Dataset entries
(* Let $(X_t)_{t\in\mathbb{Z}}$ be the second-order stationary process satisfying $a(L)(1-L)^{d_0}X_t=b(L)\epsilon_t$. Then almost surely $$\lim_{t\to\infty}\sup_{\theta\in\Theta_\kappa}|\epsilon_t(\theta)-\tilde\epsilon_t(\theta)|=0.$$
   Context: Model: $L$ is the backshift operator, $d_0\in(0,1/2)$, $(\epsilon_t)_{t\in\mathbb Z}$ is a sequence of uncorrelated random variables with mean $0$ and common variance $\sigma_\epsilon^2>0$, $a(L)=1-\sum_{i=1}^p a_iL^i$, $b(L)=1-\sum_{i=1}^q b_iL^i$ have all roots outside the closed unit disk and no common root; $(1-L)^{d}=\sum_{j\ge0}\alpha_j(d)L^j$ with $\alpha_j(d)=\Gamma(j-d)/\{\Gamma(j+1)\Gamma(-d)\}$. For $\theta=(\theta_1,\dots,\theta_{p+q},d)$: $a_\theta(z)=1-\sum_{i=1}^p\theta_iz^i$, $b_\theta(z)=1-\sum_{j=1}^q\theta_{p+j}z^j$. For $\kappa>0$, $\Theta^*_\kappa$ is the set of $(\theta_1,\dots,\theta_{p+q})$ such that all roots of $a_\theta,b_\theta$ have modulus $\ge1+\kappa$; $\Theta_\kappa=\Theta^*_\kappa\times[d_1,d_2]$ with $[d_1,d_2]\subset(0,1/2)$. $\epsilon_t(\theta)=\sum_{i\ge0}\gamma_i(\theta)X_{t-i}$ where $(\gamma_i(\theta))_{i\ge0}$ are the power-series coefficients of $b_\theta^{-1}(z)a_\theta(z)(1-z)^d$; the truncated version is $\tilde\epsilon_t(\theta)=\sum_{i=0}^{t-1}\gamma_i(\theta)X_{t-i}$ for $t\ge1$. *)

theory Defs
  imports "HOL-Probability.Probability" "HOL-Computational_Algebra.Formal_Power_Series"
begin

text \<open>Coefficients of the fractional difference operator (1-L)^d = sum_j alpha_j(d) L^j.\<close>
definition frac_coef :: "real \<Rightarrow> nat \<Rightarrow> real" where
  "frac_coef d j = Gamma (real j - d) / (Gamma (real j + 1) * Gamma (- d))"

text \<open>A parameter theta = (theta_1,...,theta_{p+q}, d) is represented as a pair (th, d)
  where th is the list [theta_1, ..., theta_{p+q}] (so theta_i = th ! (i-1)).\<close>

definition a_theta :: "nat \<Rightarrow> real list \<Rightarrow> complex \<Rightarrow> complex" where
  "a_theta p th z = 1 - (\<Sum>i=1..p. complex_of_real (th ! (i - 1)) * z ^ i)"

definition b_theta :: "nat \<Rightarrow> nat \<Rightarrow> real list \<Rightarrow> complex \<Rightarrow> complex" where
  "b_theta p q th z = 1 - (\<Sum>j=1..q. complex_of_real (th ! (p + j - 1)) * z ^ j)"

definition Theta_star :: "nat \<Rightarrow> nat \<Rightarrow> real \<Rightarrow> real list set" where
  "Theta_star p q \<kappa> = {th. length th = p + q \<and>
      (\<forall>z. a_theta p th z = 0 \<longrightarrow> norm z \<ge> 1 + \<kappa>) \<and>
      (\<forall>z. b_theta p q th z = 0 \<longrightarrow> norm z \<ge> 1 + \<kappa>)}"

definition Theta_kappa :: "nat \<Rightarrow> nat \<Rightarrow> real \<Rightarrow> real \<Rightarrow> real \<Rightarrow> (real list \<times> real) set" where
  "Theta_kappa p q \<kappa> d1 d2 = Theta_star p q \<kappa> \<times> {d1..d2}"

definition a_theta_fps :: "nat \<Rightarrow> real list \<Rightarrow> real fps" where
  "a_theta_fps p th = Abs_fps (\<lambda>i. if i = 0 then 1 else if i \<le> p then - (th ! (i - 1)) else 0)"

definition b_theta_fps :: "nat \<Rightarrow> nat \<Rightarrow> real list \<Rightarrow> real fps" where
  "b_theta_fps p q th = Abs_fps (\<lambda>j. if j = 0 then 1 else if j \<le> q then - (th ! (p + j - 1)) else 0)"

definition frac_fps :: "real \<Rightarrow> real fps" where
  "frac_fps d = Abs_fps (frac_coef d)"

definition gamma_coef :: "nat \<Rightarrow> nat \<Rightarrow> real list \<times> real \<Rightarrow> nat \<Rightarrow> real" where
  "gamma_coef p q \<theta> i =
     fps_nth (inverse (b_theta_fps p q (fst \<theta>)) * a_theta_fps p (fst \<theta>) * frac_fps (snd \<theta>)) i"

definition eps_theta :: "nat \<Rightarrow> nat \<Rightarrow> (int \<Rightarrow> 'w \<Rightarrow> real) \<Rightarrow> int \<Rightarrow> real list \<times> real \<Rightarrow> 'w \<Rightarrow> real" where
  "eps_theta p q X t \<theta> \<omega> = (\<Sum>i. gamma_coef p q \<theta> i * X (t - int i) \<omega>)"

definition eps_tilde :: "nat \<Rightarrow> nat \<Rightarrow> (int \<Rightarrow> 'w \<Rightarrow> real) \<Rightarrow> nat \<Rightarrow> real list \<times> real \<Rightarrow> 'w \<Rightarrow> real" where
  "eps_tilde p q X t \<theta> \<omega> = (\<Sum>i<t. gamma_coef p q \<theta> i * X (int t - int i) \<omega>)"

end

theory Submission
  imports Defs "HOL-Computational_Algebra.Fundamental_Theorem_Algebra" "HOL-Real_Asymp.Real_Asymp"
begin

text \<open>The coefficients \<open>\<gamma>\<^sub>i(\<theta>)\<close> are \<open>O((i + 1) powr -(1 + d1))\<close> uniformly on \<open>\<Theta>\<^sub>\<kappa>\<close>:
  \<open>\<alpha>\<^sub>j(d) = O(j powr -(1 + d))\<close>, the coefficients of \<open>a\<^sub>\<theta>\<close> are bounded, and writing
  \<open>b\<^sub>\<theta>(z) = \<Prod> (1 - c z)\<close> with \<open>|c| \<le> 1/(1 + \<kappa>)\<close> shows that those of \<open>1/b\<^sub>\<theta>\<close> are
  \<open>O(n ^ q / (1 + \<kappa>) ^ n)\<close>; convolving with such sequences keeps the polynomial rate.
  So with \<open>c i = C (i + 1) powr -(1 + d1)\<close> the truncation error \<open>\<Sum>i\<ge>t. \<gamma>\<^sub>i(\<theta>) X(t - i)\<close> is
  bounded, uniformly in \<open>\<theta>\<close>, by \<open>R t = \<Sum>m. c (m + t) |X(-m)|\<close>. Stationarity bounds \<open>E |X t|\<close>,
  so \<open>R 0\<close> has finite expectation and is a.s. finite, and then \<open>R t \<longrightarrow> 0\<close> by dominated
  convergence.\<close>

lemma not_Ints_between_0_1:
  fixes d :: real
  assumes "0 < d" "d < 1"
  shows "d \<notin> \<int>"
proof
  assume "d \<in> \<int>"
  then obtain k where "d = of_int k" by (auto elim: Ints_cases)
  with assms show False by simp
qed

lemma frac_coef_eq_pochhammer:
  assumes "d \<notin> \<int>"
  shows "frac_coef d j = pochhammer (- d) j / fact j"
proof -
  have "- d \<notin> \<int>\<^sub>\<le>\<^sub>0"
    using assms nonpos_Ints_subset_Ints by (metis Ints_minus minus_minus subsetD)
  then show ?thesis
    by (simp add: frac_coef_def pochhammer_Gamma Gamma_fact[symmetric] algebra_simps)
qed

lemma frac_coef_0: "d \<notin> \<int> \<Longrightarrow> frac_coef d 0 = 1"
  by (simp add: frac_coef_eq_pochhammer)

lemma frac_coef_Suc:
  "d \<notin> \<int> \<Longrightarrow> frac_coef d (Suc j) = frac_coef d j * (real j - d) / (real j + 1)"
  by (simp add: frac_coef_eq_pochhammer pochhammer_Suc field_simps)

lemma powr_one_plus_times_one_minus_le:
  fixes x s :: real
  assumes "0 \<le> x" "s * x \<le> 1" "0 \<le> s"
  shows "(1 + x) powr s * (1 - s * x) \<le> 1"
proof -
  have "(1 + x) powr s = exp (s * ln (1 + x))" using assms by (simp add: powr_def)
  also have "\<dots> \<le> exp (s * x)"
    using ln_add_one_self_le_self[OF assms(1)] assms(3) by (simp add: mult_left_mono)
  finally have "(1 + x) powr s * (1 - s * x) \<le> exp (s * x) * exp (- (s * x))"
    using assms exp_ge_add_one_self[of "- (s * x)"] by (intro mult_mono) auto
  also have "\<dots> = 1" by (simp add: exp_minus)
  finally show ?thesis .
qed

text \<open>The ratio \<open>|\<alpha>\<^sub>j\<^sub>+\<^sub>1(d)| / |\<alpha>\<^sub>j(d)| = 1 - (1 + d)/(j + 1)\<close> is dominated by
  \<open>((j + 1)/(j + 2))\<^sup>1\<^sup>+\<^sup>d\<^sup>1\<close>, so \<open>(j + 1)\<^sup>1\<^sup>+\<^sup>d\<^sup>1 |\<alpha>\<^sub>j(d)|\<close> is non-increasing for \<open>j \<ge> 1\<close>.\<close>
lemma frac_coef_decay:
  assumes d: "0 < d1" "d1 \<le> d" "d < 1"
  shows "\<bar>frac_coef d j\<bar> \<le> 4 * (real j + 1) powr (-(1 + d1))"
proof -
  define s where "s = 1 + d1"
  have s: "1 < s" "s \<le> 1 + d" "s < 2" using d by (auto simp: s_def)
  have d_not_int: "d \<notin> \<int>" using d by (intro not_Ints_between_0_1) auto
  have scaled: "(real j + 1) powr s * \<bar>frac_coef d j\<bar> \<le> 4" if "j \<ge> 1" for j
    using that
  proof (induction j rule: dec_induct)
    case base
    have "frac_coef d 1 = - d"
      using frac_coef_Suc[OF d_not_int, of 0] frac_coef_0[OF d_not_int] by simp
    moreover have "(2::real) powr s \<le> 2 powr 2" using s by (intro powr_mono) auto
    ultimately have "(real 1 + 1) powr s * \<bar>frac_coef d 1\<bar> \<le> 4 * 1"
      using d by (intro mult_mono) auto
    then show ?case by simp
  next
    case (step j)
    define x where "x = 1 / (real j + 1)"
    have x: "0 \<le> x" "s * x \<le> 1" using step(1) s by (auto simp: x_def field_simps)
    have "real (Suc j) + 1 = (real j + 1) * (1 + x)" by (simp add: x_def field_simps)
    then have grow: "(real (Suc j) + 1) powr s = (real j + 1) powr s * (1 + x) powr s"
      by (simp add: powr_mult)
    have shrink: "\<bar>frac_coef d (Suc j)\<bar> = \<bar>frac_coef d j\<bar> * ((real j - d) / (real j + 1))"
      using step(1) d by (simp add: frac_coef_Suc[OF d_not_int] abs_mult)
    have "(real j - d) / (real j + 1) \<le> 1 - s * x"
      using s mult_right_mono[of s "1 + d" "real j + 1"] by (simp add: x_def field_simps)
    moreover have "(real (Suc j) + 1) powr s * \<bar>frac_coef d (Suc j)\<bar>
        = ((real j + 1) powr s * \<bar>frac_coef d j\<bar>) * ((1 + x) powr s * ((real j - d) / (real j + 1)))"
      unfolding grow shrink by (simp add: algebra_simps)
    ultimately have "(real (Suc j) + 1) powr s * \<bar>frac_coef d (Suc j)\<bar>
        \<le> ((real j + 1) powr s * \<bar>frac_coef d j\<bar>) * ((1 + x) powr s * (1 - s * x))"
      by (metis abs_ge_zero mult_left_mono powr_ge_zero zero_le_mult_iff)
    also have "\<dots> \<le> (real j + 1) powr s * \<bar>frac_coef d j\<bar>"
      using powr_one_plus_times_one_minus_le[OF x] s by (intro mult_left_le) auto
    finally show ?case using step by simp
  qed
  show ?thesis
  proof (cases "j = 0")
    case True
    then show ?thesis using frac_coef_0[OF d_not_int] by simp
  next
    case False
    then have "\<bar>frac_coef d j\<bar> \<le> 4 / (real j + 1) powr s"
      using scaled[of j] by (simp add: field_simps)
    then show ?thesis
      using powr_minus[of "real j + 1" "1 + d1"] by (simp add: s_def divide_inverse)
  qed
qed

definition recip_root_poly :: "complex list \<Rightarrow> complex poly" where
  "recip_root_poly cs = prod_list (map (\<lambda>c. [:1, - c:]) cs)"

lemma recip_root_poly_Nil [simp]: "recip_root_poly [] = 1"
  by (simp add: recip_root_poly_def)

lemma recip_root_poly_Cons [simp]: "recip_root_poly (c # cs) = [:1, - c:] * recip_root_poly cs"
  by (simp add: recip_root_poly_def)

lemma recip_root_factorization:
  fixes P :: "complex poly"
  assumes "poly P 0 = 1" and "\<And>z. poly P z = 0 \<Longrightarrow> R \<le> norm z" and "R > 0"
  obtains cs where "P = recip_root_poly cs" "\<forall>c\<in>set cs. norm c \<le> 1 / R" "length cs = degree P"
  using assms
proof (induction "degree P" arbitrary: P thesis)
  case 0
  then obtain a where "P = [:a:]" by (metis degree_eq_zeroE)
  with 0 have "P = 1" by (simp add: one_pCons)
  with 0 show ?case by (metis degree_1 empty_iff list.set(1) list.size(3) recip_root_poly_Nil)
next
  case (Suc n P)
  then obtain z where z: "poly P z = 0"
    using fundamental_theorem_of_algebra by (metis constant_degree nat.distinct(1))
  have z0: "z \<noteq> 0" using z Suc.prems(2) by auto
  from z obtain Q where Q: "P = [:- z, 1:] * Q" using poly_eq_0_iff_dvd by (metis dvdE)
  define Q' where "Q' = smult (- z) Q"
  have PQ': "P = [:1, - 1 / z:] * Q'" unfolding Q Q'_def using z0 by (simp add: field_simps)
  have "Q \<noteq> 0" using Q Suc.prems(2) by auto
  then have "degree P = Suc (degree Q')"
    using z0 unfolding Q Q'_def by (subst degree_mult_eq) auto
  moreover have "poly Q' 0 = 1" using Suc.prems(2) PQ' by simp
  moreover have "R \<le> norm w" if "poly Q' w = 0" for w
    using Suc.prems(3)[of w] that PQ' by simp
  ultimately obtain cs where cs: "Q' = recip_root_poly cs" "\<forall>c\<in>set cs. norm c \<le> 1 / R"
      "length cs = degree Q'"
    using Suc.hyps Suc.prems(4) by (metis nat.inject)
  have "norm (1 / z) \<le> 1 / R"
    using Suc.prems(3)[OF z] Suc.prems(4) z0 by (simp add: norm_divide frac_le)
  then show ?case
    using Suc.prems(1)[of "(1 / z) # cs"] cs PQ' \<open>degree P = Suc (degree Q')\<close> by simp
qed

==

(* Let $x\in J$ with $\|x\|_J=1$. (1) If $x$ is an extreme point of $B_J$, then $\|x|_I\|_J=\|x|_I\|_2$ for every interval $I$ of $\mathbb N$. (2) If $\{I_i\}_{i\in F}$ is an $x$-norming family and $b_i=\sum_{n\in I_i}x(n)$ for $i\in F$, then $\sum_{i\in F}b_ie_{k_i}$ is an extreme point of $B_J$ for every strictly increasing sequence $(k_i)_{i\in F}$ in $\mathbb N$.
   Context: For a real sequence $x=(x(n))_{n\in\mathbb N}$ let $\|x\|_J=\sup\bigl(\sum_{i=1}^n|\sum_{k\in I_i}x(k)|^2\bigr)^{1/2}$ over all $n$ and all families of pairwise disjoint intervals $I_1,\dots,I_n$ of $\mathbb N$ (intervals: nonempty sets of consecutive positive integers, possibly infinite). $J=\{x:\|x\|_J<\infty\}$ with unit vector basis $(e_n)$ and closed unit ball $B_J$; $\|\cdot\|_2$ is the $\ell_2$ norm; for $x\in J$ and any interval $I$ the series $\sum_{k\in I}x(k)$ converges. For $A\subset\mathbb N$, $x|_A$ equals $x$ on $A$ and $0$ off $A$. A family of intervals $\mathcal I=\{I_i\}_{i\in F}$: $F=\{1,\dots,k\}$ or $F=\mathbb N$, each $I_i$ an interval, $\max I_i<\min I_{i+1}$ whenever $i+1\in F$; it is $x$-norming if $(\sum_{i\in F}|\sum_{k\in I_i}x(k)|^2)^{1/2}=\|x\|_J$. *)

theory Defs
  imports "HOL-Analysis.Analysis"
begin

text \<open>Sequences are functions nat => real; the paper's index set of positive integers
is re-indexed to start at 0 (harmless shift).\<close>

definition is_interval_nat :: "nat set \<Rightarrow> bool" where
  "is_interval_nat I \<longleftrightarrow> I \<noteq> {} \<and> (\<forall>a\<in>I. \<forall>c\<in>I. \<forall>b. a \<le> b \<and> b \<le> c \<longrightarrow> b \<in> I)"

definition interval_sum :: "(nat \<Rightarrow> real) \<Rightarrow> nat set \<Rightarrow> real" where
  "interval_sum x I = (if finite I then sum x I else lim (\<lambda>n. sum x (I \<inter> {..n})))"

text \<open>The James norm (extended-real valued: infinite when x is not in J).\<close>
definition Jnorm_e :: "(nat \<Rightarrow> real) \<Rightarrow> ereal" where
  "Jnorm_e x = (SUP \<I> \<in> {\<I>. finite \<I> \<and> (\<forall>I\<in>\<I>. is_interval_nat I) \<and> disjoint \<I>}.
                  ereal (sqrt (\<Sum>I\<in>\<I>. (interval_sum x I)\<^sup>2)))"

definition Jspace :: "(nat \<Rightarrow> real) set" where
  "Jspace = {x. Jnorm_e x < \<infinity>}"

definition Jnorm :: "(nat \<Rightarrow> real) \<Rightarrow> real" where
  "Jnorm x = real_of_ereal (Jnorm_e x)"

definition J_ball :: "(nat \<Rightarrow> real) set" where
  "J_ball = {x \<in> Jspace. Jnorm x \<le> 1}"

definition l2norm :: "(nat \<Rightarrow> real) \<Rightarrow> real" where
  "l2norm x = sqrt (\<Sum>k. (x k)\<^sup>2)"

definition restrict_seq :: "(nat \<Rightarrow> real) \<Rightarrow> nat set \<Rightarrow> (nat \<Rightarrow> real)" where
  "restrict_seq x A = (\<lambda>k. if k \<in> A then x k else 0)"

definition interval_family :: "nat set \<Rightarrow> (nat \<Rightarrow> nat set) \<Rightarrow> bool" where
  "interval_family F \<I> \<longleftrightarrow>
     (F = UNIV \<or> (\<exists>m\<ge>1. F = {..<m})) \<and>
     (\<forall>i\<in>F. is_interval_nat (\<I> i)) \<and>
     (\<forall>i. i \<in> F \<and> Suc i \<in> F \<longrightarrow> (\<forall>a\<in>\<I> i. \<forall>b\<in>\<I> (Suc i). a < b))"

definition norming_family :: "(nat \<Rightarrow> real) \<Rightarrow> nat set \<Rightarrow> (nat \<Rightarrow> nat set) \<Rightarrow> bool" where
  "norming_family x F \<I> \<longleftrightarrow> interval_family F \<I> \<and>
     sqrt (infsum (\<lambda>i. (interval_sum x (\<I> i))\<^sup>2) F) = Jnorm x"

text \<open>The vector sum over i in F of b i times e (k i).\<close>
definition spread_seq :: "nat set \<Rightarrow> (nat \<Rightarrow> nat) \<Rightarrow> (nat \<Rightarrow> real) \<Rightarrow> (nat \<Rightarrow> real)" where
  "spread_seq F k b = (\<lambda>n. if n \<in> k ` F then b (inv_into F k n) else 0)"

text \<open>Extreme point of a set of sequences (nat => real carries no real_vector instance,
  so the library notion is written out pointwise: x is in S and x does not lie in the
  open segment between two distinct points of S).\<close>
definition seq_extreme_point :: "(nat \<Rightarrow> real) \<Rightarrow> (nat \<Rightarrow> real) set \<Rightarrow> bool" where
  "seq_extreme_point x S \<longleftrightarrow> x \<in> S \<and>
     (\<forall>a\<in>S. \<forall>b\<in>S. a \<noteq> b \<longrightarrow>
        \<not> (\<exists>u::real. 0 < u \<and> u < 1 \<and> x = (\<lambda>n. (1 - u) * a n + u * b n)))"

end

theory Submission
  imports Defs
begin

Exercise: Only the lines above starting at the line that holds "p + q \<and>" and ending at the line that holds "q \<kappa> d1" are to be repeated, exactly and in full.

Result of the task:
  "Theta_star p q \<kappa> = {th. length th = p + q \<and>
      (\<forall>z. a_theta p th z = 0 \<longrightarrow> norm z \<ge> 1 + \<kappa>) \<and>
      (\<forall>z. b_theta p q th z = 0 \<longrightarrow> norm z \<ge> 1 + \<kappa>)}"

definition Theta_kappa :: "nat \<Rightarrow> nat \<Rightarrow> real \<Rightarrow> real \<Rightarrow> real \<Rightarrow> (real list \<times> real) set" where
  "Theta_kappa p q \<kappa> d1 d2 = Theta_star p q \<kappa> \<times> {d1..d2}"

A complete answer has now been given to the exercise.